> **Extracted data**:

.....

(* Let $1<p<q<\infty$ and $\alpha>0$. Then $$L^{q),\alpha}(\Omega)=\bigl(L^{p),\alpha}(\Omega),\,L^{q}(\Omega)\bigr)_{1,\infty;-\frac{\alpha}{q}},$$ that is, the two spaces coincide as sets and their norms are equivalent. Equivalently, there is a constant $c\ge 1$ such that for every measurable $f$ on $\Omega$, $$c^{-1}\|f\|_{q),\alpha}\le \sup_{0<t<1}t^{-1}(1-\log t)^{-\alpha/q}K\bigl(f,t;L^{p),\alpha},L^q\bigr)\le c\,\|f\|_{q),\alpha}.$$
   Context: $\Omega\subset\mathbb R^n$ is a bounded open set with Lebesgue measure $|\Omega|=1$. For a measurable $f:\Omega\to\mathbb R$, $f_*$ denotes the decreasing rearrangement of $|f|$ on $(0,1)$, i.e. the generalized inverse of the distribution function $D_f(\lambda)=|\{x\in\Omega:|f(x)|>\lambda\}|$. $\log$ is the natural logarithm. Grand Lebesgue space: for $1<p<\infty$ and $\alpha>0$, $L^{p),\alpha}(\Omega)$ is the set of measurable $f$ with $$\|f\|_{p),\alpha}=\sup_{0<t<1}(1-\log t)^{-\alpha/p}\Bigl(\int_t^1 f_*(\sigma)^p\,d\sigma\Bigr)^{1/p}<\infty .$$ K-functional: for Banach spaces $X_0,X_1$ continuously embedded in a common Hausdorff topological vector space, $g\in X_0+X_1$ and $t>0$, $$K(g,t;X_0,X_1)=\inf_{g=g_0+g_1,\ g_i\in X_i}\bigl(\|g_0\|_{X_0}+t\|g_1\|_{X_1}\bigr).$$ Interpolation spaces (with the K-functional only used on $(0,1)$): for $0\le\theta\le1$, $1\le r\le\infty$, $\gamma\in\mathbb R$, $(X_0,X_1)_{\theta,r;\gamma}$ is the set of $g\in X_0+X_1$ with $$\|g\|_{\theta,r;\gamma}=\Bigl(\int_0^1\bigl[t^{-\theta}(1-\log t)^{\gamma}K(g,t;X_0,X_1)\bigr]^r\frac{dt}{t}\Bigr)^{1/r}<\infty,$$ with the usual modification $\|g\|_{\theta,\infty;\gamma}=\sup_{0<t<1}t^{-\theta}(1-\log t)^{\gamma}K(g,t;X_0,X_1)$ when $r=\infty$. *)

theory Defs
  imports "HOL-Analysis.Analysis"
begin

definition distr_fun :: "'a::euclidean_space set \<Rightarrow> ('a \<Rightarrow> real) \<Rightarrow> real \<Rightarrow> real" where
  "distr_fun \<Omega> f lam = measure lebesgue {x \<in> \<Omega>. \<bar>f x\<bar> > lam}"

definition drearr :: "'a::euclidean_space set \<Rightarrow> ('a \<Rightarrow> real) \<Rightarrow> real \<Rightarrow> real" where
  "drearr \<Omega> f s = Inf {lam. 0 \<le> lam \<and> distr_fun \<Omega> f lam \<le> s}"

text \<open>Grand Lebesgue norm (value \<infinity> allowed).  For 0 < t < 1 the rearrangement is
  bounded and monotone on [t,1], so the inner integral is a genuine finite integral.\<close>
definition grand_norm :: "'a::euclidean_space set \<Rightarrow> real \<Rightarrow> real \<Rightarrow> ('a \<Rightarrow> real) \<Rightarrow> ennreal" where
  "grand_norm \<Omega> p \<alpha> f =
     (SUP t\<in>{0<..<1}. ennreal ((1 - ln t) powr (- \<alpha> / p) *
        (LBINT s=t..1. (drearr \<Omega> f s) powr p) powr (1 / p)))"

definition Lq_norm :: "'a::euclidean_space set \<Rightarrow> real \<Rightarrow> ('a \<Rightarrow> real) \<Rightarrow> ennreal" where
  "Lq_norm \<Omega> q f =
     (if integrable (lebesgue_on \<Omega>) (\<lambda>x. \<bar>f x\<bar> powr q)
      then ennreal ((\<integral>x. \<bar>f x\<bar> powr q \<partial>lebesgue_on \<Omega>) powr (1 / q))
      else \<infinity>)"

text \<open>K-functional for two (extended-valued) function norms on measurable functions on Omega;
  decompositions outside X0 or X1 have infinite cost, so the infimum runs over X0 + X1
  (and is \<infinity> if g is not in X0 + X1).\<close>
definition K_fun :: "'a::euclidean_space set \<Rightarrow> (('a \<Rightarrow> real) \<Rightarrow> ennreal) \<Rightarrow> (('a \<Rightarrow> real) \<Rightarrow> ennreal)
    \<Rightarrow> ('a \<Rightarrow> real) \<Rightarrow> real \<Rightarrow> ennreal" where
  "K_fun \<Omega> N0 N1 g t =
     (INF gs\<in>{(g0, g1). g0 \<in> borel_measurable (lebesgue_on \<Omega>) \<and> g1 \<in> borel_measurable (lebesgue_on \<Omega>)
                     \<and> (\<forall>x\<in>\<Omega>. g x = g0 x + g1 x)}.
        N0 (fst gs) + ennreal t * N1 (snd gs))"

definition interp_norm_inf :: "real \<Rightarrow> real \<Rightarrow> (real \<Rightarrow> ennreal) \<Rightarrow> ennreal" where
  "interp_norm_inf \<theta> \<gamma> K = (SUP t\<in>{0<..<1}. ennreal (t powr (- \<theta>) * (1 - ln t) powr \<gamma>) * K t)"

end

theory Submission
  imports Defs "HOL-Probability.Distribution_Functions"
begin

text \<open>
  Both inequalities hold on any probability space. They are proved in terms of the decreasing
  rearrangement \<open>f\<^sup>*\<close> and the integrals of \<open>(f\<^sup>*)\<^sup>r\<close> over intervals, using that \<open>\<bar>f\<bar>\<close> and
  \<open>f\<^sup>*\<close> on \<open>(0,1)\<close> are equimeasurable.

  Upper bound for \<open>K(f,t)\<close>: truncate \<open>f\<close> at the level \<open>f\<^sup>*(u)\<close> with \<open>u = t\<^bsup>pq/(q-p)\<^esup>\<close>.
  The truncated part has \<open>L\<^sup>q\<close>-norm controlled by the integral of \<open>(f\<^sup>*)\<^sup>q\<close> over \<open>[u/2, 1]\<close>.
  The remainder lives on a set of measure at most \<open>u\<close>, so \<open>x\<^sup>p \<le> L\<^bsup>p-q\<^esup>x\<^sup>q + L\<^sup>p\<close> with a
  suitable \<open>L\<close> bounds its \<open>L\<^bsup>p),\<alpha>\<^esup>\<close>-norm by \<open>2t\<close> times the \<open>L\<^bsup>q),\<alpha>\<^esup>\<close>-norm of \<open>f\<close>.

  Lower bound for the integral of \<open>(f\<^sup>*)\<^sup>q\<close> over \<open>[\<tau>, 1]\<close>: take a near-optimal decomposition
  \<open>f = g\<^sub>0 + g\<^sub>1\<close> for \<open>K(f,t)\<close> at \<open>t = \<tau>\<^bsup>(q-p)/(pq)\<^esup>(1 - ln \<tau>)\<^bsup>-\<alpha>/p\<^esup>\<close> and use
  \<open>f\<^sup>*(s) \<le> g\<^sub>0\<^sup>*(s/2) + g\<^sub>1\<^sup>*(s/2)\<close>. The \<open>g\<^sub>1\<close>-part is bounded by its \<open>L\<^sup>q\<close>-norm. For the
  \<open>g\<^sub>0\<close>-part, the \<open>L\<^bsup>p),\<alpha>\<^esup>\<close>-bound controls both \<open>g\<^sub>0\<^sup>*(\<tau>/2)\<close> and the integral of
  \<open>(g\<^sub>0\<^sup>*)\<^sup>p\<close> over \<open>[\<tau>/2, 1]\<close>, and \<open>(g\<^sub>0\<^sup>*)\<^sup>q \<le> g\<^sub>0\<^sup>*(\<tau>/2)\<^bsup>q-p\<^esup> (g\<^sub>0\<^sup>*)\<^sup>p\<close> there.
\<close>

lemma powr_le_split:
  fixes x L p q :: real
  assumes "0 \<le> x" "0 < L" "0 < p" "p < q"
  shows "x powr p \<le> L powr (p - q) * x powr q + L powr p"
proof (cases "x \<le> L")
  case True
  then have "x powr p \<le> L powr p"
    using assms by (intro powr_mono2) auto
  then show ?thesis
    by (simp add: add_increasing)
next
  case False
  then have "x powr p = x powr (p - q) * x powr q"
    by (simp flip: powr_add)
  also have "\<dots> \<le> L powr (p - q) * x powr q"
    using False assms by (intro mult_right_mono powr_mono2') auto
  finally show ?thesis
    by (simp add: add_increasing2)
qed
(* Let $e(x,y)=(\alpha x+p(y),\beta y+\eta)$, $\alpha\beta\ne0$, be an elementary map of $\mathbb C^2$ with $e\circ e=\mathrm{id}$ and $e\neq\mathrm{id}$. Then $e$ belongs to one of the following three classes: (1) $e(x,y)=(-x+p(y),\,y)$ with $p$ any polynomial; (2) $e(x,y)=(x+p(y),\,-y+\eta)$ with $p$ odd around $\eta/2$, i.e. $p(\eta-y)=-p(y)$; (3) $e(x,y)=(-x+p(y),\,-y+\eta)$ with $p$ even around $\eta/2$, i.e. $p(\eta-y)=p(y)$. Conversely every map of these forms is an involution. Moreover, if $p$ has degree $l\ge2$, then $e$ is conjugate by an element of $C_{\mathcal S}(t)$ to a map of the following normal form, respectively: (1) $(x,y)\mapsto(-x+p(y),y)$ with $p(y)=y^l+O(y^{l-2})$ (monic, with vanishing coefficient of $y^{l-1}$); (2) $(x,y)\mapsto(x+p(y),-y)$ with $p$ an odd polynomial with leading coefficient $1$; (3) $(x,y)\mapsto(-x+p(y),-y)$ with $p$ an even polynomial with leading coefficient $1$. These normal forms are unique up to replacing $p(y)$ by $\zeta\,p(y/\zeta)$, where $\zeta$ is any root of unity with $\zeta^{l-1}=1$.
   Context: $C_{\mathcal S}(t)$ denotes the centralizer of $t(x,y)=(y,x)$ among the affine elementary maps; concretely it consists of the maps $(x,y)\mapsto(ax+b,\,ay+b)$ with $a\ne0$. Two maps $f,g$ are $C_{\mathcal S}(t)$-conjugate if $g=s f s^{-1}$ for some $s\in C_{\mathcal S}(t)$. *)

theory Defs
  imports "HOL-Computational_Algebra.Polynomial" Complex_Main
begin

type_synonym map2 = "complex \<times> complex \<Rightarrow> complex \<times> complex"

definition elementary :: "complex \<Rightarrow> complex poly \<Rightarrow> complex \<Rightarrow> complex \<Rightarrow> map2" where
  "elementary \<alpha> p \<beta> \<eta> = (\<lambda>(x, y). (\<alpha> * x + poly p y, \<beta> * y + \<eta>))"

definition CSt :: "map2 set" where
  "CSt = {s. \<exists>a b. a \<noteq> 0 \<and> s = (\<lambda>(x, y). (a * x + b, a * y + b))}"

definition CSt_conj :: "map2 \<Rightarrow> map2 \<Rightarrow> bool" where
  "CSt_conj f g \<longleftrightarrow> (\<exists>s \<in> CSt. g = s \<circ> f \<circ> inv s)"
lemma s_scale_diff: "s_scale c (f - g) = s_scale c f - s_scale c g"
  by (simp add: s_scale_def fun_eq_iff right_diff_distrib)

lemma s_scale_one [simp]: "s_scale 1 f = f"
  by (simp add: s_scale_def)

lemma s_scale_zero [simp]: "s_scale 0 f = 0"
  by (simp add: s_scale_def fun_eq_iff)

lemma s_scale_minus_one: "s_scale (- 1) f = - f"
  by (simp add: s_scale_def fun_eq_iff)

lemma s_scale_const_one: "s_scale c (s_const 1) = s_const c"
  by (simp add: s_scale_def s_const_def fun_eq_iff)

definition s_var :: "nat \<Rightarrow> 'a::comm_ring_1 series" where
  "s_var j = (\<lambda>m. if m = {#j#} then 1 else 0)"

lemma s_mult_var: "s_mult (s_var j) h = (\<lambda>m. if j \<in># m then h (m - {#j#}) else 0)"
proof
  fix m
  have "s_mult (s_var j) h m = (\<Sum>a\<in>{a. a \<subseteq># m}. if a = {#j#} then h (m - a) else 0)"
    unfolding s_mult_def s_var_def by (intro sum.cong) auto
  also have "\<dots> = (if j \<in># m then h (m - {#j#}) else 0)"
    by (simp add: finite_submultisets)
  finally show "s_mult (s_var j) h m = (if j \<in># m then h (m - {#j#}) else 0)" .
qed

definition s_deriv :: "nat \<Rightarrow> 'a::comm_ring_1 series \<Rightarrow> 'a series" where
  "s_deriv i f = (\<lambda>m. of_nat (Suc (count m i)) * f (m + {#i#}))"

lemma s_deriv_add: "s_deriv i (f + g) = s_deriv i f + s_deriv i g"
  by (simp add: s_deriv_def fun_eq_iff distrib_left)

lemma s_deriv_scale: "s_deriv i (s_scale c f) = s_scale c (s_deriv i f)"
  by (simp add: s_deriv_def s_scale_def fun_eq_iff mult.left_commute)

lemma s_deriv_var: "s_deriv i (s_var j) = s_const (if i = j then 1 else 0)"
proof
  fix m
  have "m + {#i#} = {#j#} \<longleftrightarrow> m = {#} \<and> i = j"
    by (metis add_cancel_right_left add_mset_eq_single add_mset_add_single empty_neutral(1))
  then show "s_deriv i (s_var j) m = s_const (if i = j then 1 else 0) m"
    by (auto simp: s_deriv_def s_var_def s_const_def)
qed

.....

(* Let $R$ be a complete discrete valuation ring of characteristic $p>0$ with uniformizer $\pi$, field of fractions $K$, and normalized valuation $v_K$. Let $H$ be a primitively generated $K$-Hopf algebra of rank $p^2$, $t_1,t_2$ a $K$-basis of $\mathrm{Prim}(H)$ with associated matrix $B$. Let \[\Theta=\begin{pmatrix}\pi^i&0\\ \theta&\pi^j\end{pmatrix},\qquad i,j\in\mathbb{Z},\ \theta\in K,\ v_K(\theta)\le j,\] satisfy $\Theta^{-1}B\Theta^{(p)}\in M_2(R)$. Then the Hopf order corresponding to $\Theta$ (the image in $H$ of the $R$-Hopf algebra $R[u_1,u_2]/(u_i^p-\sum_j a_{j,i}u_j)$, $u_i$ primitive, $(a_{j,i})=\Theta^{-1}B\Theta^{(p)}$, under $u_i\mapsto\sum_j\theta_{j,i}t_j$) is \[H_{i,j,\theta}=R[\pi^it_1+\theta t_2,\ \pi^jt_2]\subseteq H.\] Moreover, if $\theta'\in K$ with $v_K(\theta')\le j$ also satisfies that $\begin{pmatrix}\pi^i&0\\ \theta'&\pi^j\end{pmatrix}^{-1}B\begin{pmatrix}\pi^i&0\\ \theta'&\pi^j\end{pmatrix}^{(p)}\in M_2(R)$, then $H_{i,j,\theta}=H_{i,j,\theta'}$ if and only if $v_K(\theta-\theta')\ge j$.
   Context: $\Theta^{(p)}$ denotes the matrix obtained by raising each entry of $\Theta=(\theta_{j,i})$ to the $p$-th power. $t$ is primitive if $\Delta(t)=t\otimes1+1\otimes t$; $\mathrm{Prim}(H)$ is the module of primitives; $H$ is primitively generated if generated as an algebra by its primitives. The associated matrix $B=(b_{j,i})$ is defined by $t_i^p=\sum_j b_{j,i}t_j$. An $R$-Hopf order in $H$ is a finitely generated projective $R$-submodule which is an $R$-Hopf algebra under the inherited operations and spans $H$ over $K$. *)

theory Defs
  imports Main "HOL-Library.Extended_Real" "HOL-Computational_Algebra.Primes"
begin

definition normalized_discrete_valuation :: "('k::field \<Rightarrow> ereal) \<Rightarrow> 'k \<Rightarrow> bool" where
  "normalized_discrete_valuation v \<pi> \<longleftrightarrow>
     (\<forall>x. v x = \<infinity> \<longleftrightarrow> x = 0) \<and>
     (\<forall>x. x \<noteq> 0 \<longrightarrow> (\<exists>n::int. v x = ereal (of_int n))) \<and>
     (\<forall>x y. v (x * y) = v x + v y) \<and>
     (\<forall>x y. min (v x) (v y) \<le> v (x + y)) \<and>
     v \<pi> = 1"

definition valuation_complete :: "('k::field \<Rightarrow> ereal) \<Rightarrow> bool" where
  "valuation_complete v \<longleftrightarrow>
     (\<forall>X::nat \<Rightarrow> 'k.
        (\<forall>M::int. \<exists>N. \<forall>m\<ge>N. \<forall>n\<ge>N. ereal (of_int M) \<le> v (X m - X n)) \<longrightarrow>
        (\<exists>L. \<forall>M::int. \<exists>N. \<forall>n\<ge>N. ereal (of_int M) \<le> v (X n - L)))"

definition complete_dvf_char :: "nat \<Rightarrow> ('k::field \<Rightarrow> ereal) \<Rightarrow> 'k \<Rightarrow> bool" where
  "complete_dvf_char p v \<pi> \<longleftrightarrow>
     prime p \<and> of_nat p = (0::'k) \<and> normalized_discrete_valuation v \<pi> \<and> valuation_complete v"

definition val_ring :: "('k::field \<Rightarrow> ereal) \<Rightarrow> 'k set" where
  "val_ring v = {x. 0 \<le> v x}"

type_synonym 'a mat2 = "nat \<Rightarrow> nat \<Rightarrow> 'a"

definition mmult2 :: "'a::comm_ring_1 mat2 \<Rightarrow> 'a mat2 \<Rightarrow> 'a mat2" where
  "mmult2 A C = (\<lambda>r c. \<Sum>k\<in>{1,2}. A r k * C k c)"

.....

> **Task details**: Count every line above that holds the word "have", and state the number and nothing more.

> **Answer for the task**: 7